Get basic statistics from a large spreadsheet in under five minutes

I am always on the lookout for command-line tools that can get me from a raw data download to some basic numbers as quickly as possible. With DuckDB and its aggregate functions, I may have found my new default flow.

Below I query a salary spreadsheet for summary statistics for data science positions filled in the past quarter. I trust this data from the federal government more than job postings with wide ranges and self-reported surveys on Levels.FYI and elsewhere.
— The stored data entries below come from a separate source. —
lemma not_indecomposable_in_moment_cone:
  assumes "finite A" "\<nu> \<in> moment_cone A \<beta>"
    and "\<forall>a. a \<notin> A \<longrightarrow> w a = 0" "sum w A = 0"
    and "\<forall>a\<in>A. a \<noteq> \<beta> \<longrightarrow> w a \<noteq> 0 \<longrightarrow> 0 < \<nu> a"
    and "lin_comb A w = 0 \<or> 0 < lin_comb A \<nu>"
    and x: "\<nu> x \<noteq> 0" "w x = 0" and y: "w y \<noteq> 0"
  shows "\<not> indecomposable_in (moment_cone A \<beta>) \<nu>"
proof -
  obtain \<epsilon> where "0 < \<epsilon>" "(\<lambda>a. \<nu> a + \<epsilon> * w a) \<in> moment_cone A \<beta>"
    "(\<lambda>a. \<nu> a - \<epsilon> * w a) \<in> moment_cone A \<beta>"
    using moment_cone_perturbation[OF assms(1-6)] .
  with x y show ?thesis
    by (intro not_indecomposable_if_perturbable[where w = "\<lambda>a. \<epsilon> * w a" and x = x and y = y]) auto
qed

lemma convex_comb_nonneg_eq_0D:
  fixes x y t :: real
  assumes "t \<in> {0<..<1}" "0 \<le> x" "0 \<le> y" "(1 - t) * x + t * y = 0"
  shows "x = 0"
  using assms by (smt (verit, best) greaterThanLessThan_iff mult_nonneg_nonneg mult_pos_pos)

lemma seg_pt_moment_cone_zero_entry:
  assumes "\<mu> \<in> moment_cone A \<beta>" "\<mu>' \<in> moment_cone A \<beta>" "t \<in> {0<..<1}"
    and "a \<noteq> \<beta>" "seg_pt \<mu> \<mu>' t a = 0"
  shows "\<mu> a = 0"
  using assms convex_comb_nonneg_eq_0D[of t "\<mu> a" "\<mu>' a"]
  by (cases "a \<in> A") (auto simp: moment_cone_def Ncone_def seg_pt_def)

lemma seg_pt_moment_cone_zero_moment:
  assumes "\<mu> \<in> moment_cone A \<beta>" "\<mu>' \<in> moment_cone A \<beta>" "t \<in> {0<..<1}"
    and "lin_comb A (seg_pt \<mu> \<mu>' t) = 0"
  shows "lin_comb A \<mu> = 0"
  using assms convex_comb_nonneg_eq_0D[of t "lin_comb A \<mu>" "lin_comb A \<mu>'"]
  by (simp add: moment_cone_def seg_pt_def lin_comb_lincomb)

definition two_point_circuit :: "real \<Rightarrow> real \<Rightarrow> real \<Rightarrow> real" where
  "two_point_circuit b c = (\<lambda>a. if a = c then 1 else if a = b then -1 else 0)"

definition three_point_circuit :: "real \<Rightarrow> real \<Rightarrow> real \<Rightarrow> real \<Rightarrow> real" where
  "three_point_circuit p b c =
     (\<lambda>a. if a = c then (b - p) / (c - p) else if a = p then (c - b) / (c - p) else if a = b then -1 else 0)"

lemma eq_two_point_circuit_multiple:
  assumes "b \<noteq> c" "\<forall>a. a \<notin> {b, c} \<longrightarrow> \<mu> a = 0" "\<mu> b + \<mu> c = 0"
  shows "\<mu> = (\<lambda>a. \<mu> c * two_point_circuit b c a)"
  using assms by (auto simp: two_point_circuit_def)

lemma eq_three_point_circuit_multiple:
  assumes "p < b" "b < c" "\<forall>a. a \<notin> {p, b, c} \<longrightarrow> \<mu> a = 0"
    and sum: "\<mu> p + \<mu> b + \<mu> c = 0" and moment: "\<mu> p * p + \<mu> b * b + \<mu> c * c = 0"
  shows "\<mu> = (\<lambda>a. - \<mu> b * three_point_circuit p b c a)"
proof -
  have "c - p \<noteq> 0" using assms by simp
  moreover have "\<mu> c * (c - p) = - \<mu> b * (b - p)" "\<mu> p * (c - p) = - \<mu> b * (c - b)"
    using sum moment by algebra+
  ultimately have "\<mu> c = - \<mu> b * ((b - p) / (c - p))" "\<mu> p = - \<mu> b * ((c - b) / (c - p))"
    by (simp_all add: field_simps)
  with assms show ?thesis by (auto simp: three_point_circuit_def)
qed

lemma two_point_circuit_in_moment_cone:
  assumes "finite A" "b \<in> A" "c \<in> A" "b < c"
  shows "two_point_circuit b c \<in> moment_cone A b"
proof -
  have "sum (two_point_circuit b c) A = 0"
    using assms by (subst sum_two_point_support[of A b c]) (auto simp: two_point_circuit_def)
  moreover have "lin_comb A (two_point_circuit b c) = c - b"
    using assms unfolding lin_comb_real
    by (subst sum_two_point_support[of A b c]) (auto simp: two_point_circuit_def)
  ultimately show ?thesis
    using assms by (auto simp: moment_cone_def Ncone_def two_point_circuit_def)
qed

lemma indecomposable_two_point_circuit:
  assumes "finite A" "b \<in> A" "c \<in> A" "b < c"
  shows "indecomposable_in (moment_cone A b) (two_point_circuit b c)"
proof (rule indecomposable_inI)
  fix \<mu> \<mu>' t
  assume \<mu>: "\<mu> \<in> moment_cone A b" and \<mu>': "\<mu>' \<in> moment_cone A b" and t: "t \<in> {0<..<1}"
    and seg: "two_point_circuit b c = seg_pt \<mu> \<mu>' t"
  have supp: "\<forall>a. a \<notin> {b, c} \<longrightarrow> \<mu> a = 0"
  proof (intro allI impI)
    fix a assume "a \<notin> {b, c}"
    then have "seg_pt \<mu> \<mu>' t a = 0" unfolding seg[symmetric] by (simp add: two_point_circuit_def)
    with \<open>a \<notin> {b, c}\<close> show "\<mu> a = 0" by (intro seg_pt_moment_cone_zero_entry[OF \<mu> \<mu>' t]) auto
  qed
  moreover have "\<mu> b + \<mu> c = 0"
    using \<mu> assms supp sum_two_point_support[of A b c \<mu>] by (simp add: moment_cone_def Ncone_def)
  ultimately have "\<mu> = (\<lambda>a. \<mu> c * two_point_circuit b c a)"
    using assms by (intro eq_two_point_circuit_multiple) auto
  then show "\<exists>s. \<mu> = (\<lambda>a. s * two_point_circuit b c a)" ..
qed

lemma three_point_circuit_in_moment_cone:
  assumes "finite A" "p \<in> A" "b \<in> A" "c \<in> A" "p < b" "b < c"
  shows "three_point_circuit p b c \<in> moment_cone A b"
    and "lin_comb A (three_point_circuit p b c) = 0"
proof -
  have "c - p > 0" using assms by simp
  then have weights: "(c - b) / (c - p) + -1 + (b - p) / (c - p) = 0"
    "(c - b) / (c - p) * p + -1 * b + (b - p) / (c - p) * c = 0"
    by (simp_all add: field_simps)
  have "sum (three_point_circuit p b c) A = 0"
    using assms weights
    by (subst sum_three_point_support[of A p b c]) (auto simp: three_point_circuit_def)
  moreover show moment: "lin_comb A (three_point_circuit p b c) = 0"
    using assms weights unfolding lin_comb_real
    by (subst sum_three_point_support[of A p b c]) (auto simp: three_point_circuit_def)
  ultimately show "three_point_circuit p b c \<in> moment_cone A b"
    using assms by (auto simp: moment_cone_def Ncone_def three_point_circuit_def)
qed

lemma indecomposable_three_point_circuit:
  assumes "finite A" "p \<in> A" "b \<in> A" "c \<in> A" "p < b" "b < c"
  shows "indecomposable_in (moment_cone A b) (three_point_circuit p b c)"
proof (rule indecomposable_inI)
  fix \<mu> \<mu>' t
  assume \<mu>: "\<mu> \<in> moment_cone A b" and \<mu>': "\<mu>' \<in> moment_cone A b" and t: "t \<in> {0<..<1}"
    and seg: "three_point_circuit p b c = seg_pt \<mu> \<mu>' t"
  have supp: "\<forall>a. a \<notin> {p, b, c} \<longrightarrow> \<mu> a = 0"
  proof (intro allI impI)
    fix a assume "a \<notin> {p, b, c}"
    then have "seg_pt \<mu> \<mu>' t a = 0" unfolding seg[symmetric] by (simp add: three_point_circuit_def)
    with \<open>a \<notin> {p, b, c}\<close> show "\<mu> a = 0" by (intro seg_pt_moment_cone_zero_entry[OF \<mu> \<mu>' t]) auto
  qed
  have "\<mu> p + \<mu> b + \<mu> c = 0"
    using \<mu> assms supp sum_three_point_support[of A p b c \<mu>] by (simp add: moment_cone_def Ncone_def)
  moreover have "\<mu> p * p + \<mu> b * b + \<mu> c * c = 0"
    using seg_pt_moment_cone_zero_moment[OF \<mu> \<mu>' t] three_point_circuit_in_moment_cone(2)[OF assms]
      seg assms supp sum_three_point_support[of A p b c "\<lambda>a. \<mu> a * a"]
    by (simp add: lin_comb_real)
  ultimately have "\<mu> = (\<lambda>a. - \<mu> b * three_point_circuit p b c a)"
    using assms supp by (intro eq_three_point_circuit_multiple) auto
  then show "\<exists>s. \<mu> = (\<lambda>a. s * three_point_circuit p b c a)" ..
qed

lemma normalized_X_circuit_two_point_circuit:
  assumes "finite A" "b \<in> A" "c \<in> A" "b < c"
  shows "normalized_X_circuit {x::real. 0 \<le> x} A (two_point_circuit b c)"
proof -
  have "two_point_circuit b c c \<noteq> 0" by (simp add: two_point_circuit_def)
  then have "two_point_circuit b c \<noteq> (\<lambda>_. 0)" by force
  moreover have "\<forall>a\<in>A. two_point_circuit b c a < 0 \<longrightarrow> two_point_circuit b c a = -1"
    by (simp add: two_point_circuit_def)
  ultimately show ?thesis
    using assms two_point_circuit_in_moment_cone[OF assms] indecomposable_two_point_circuit[OF assms]
    unfolding normalized_X_circuit_def X_circuit_def X_circuit_at_nonneg_reals_iff
    by blast
qed

lemma normalized_X_circuit_three_point_circuit:
  assumes "finite A" "p \<in> A" "b \<in> A" "c \<in> A" "p < b" "b < c"
  shows "normalized_X_circuit {x::real. 0 \<le> x} A (three_point_circuit p b c)"
proof -
  have "three_point_circuit p b c b \<noteq> 0" using assms by (simp add: three_point_circuit_def)
  then have nz: "three_point_circuit p b c \<noteq> (\<lambda>_. 0)" by force
  have "0 \<le> (c - b) / (c - p)" "0 \<le> (b - p) / (c - p)" using assms by simp_all
  then have "\<forall>a\<in>A. three_point_circuit p b c a < 0 \<longrightarrow> three_point_circuit p b c a = -1"
    by (simp add: three_point_circuit_def)
  with nz show ?thesis
    using assms three_point_circuit_in_moment_cone(1)[OF assms] indecomposable_three_point_circuit[OF assms]
    unfolding normalized_X_circuit_def X_circuit_def X_circuit_at_nonneg_reals_iff
    by blast
qed

lemma Ncone_negative_entry:
  assumes "finite A" "\<nu> \<in> Ncone A \<beta>" "\<nu> \<noteq> (\<lambda>_. 0)"
  shows "\<nu> \<beta> < 0"
proof (rule ccontr)
  assume "\<not> \<nu> \<beta> < 0"
  with assms have "\<forall>a\<in>A. 0 \<le> \<nu> a" "sum \<nu> A = 0" "\<forall>a. a \<notin> A \<longrightarrow> \<nu> a = 0"
    by (auto simp: Ncone_def not_less)
  with assms(1) have "\<nu> = (\<lambda>_. 0)"
    by (auto simp: sum_nonneg_eq_0_iff)
  with assms(3) show False ..
qed

lemma three_positive_entries_not_indecomposable:
  assumes "finite A" "\<nu> \<in> moment_cone A \<beta>"
    and "\<beta> \<in> A" "c \<in> A" "d \<in> A" "e \<in> A" "distinct [\<beta>, c, d, e]"
    and "0 < \<nu> c" "0 < \<nu> d" "0 < \<nu> e"
  shows "\<not> indecomposable_in (moment_cone A \<beta>) \<nu>"
proof -
  \<comment> \<open>moves mass among \<open>c\<close>, \<open>d\<close>, \<open>\<beta>\<close> while preserving total mass and moment\<close>
  define w where "w a = (if a = c then d - \<beta> else 0) + (if a = d then \<beta> - c else 0)
      + (if a = \<beta> then c - d else 0)" for a
  have supp: "\<forall>a. a \<notin> {c, d, \<beta>} \<longrightarrow> w a = 0" by (simp add: w_def)
  have "sum w A = w c + w d + w \<beta>"
    using assms supp by (intro sum_three_point_support) auto
  then have "sum w A = 0" using assms by (simp add: w_def)
  moreover have "lin_comb A w = w c * c + w d * d + w \<beta> * \<beta>"
    using assms supp unfolding lin_comb_real by (intro sum_three_point_support) auto
  then have "lin_comb A w = 0" using assms by (simp add: w_def algebra_simps)
  moreover have "w e = 0" "w c \<noteq> 0" using assms by (auto simp: w_def)
  ultimately show ?thesis
    using assms supp
    by (intro not_indecomposable_in_moment_cone[where w = w and x = e and y = c]) (auto simp: w_def)
qed

lemma indecomposable_two_positive_entries_zero_moment:
  assumes "finite A" and \<nu>: "\<nu> \<in> moment_cone A \<beta>" "indecomposable_in (moment_cone A \<beta>) \<nu>"
    and "\<beta> \<in> A" "c \<in> A" "d \<in> A" "distinct [\<beta>, c, d]"
    and "0 < \<nu> c" "0 < \<nu> d"
  shows "lin_comb A \<nu> = 0"
proof (rule ccontr)
  assume "lin_comb A \<nu> \<noteq> 0"
  with \<nu>(1) have "0 < lin_comb A \<nu>" by (simp add: moment_cone_def)
  define w where "w = two_point_circuit \<beta> c"
  have supp: "\<forall>a. a \<notin> {\<beta>, c} \<longrightarrow> w a = 0" by (simp add: w_def two_point_circuit_def)
  have "sum w A = w \<beta> + w c"
    using assms supp by (intro sum_two_point_support) auto
  then have "sum w A = 0" using assms by (simp add: w_def two_point_circuit_def)
  moreover have "w d = 0" "w c \<noteq> 0" using assms by (auto simp: w_def two_point_circuit_def)
  ultimately have "\<not> indecomposable_in (moment_cone A \<beta>) \<nu>"
    using assms supp \<open>0 < lin_comb A \<nu>\<close>
    by (intro not_indecomposable_in_moment_cone[where w = w and x = d and y = c]) auto
  with \<nu>(2) show False by contradiction
qed
lemma digit_rev_base: "b \<ge> 2 \<Longrightarrow> digit_rev b b = 1"
  using digit_len_eqI[of b 1 b] by (simp add: digit_rev_def digit_def power2_eq_square lessThan_Suc)

lemma prime_digit_rev_eq_1_iff:
  assumes b: "b \<ge> 2" and p: "prime p"
  shows "digit_rev b p = 1 \<longleftrightarrow> p = b"
proof
  assume rev_p: "digit_rev b p = 1"
  show "p = b"
  proof (cases "b dvd p")
    case True
    with b p show ?thesis by (auto simp: prime_nat_iff)
  next
    case False
    moreover have "\<not> b dvd 1" using b by simp
    ultimately have "p = 1"
      using inj_onD[OF inj_on_digit_rev[OF b]] rev_p digit_rev_one[OF b] by simp
    with p show ?thesis by simp
  qed
qed (use digit_rev_base[OF b] in simp)

lemma inj_on_digit_rev_primes:
  assumes b: "b \<ge> 2"
  shows "inj_on (digit_rev b) {p. prime p}"
proof (rule inj_onI, simp only: mem_Collect_eq)
  fix p q assume p: "prime p" and q: "prime q" and eq: "digit_rev b p = digit_rev b q"
  show "p = q"
  proof (cases "p = b \<or> q = b")
    case True
    with eq show ?thesis
      using prime_digit_rev_eq_1_iff[OF b p] prime_digit_rev_eq_1_iff[OF b q] by auto
  next
    case False
    with b p q have "\<not> b dvd p" "\<not> b dvd q" by (auto simp: prime_nat_iff)
    with eq show ?thesis using inj_onD[OF inj_on_digit_rev[OF b]] by simp
  qed
qed

lemma prime_le_base_mul_digit_rev:
  assumes b: "b \<ge> 2" and p: "prime p"
  shows "p \<le> b * digit_rev b p"
proof (cases "b dvd p")
  case True
  with b p have "p = b" by (auto simp: prime_nat_iff)
  then show ?thesis using digit_rev_base[OF b] by simp
next
  case False
  then show ?thesis using less_base_mul_digit_rev[OF b] by (simp add: less_imp_le)
qed

lemma has_integral_exp_2pi_int:
  fixes m :: int
  shows "((\<lambda>x::real. exp (2 * pi * \<i> * of_real (of_int m * x))) has_integral (if m = 0 then 1 else 0)) {0..1}"
proof (cases "m = 0")
  case True
  then show ?thesis using has_integral_const_real[of "1::complex" 0 1] by simp
next
  case False
  define c where "c = 2 * pi * \<i> * (of_int m :: complex)"
  have "c \<noteq> 0" using False by (simp add: c_def)
  have "((\<lambda>x::real. exp (c * of_real x) / c) has_vector_derivative exp (c * of_real x)) (at x within {0..1})"
    for x :: real
  proof (rule has_vector_derivative_real_field)
    show "((\<lambda>z. exp (c * z) / c) has_field_derivative exp (c * of_real x)) (at (of_real x))"
      using \<open>c \<noteq> 0\<close> by (auto intro!: derivative_eq_intros)
  qed
  then have "((\<lambda>x::real. exp (c * of_real x)) has_integral (exp (c * of_real 1) / c - exp (c * of_real 0) / c)) {0..1}"
    by (intro fundamental_theorem_of_calculus) auto
  moreover have "exp (c * of_real 1) = 1"
    using exp_integer_2pi[of "of_int m"] by (simp add: c_def mult_ac)
  ultimately show ?thesis using False by (simp add: c_def mult_ac)
qed

lemma integral_cmod_exp_sum_sq:
  fixes n :: "'a \<Rightarrow> nat" and a :: "'a \<Rightarrow> complex"
  assumes fin: "finite P" and inj: "inj_on n P"
  shows "integral {0..1} (\<lambda>\<alpha>. (cmod (\<Sum>p\<in>P. exp (2 * pi * \<i> * of_real (real (n p) * \<alpha>)) * a p))\<^sup>2)
         = (\<Sum>p\<in>P. (cmod (a p))\<^sup>2)"
proof -
  define S where "S \<alpha> = (\<Sum>p\<in>P. exp (2 * pi * \<i> * of_real (real (n p) * \<alpha>)) * a p)" for \<alpha>
  define g where "g p q \<alpha> = a p * cnj (a q) * exp (2 * pi * \<i> * of_real (of_int (int (n p) - int (n q)) * \<alpha>))"
    for p q and \<alpha> :: real
  have "S \<alpha> * cnj (S \<alpha>) = (\<Sum>p\<in>P. \<Sum>q\<in>P. g p q \<alpha>)" for \<alpha>
    unfolding S_def g_def cnj_sum sum_product
    by (intro sum.cong refl) (simp add: exp_cnj exp_diff exp_minus field_simps)
  moreover have "(g p q has_integral (if p = q then a p * cnj (a q) else 0)) {0..1}"
    if "p \<in> P" "q \<in> P" for p q
    using has_integral_mult_right[OF has_integral_exp_2pi_int[of "int (n p) - int (n q)"], where c = "a p * cnj (a q)"]
      inj_onD[OF inj _ that] unfolding g_def by (auto split: if_splits)
  then have "((\<lambda>\<alpha>. \<Sum>p\<in>P. \<Sum>q\<in>P. g p q \<alpha>) has_integral (\<Sum>p\<in>P. \<Sum>q\<in>P. if p = q then a p * cnj (a q) else 0)) {0..1}"
    using fin by (intro has_integral_sum) auto
  ultimately have "((\<lambda>\<alpha>. S \<alpha> * cnj (S \<alpha>)) has_integral (\<Sum>p\<in>P. a p * cnj (a p))) {0..1}"
    using fin by simp
  then have "((\<lambda>\<alpha>. Re (S \<alpha> * cnj (S \<alpha>))) has_integral Re (\<Sum>p\<in>P. a p * cnj (a p))) {0..1}"
    by (rule has_integral_Re)
  then have "((\<lambda>\<alpha>. (cmod (S \<alpha>))\<^sup>2) has_integral (\<Sum>p\<in>P. (cmod (a p))\<^sup>2)) {0..1}"
    by (simp add: complex_mult_cnj cmod_power2)
  then show ?thesis unfolding S_def by (rule integral_unique)
qed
The main flaw with relying on this data is that they only report base pay, which can be the smaller part of a total compensation package for some companies and positions

Before DuckDB, I would have to use pandas’s read_excel(), which takes a good bit of time parsing the text-heavy columns before loading the entire dataset into memory. DuckDB not only loads the data faster into memory, but I could have continued to query the spreadsheet itself without as much lag.

-- Data is 2024Q4 filings
.mode markdown
install spatial;
load spatial;
create or replace table df
    select *
    from st_read('Downloads/PERM_Disclosure_Data_FY2022_Q4.xlsx');
summarize(
    select
        coalesce(wage_offer_to, wage_offer_from) as base_pay
    from df
    where job_title ilike '%data scientist%'
);

In case you’re interested, this produces the following output:

column_name	column_type	min	max	approx_unique	avg	std	q25	q50	q75	count	null_percentage
base_pay	DOUBLE	73.0	650000.0	452	152044.49745940792	46640.04639860068	125499.03596938777	155487.80074193547	172934.37240649346	1047	0.0%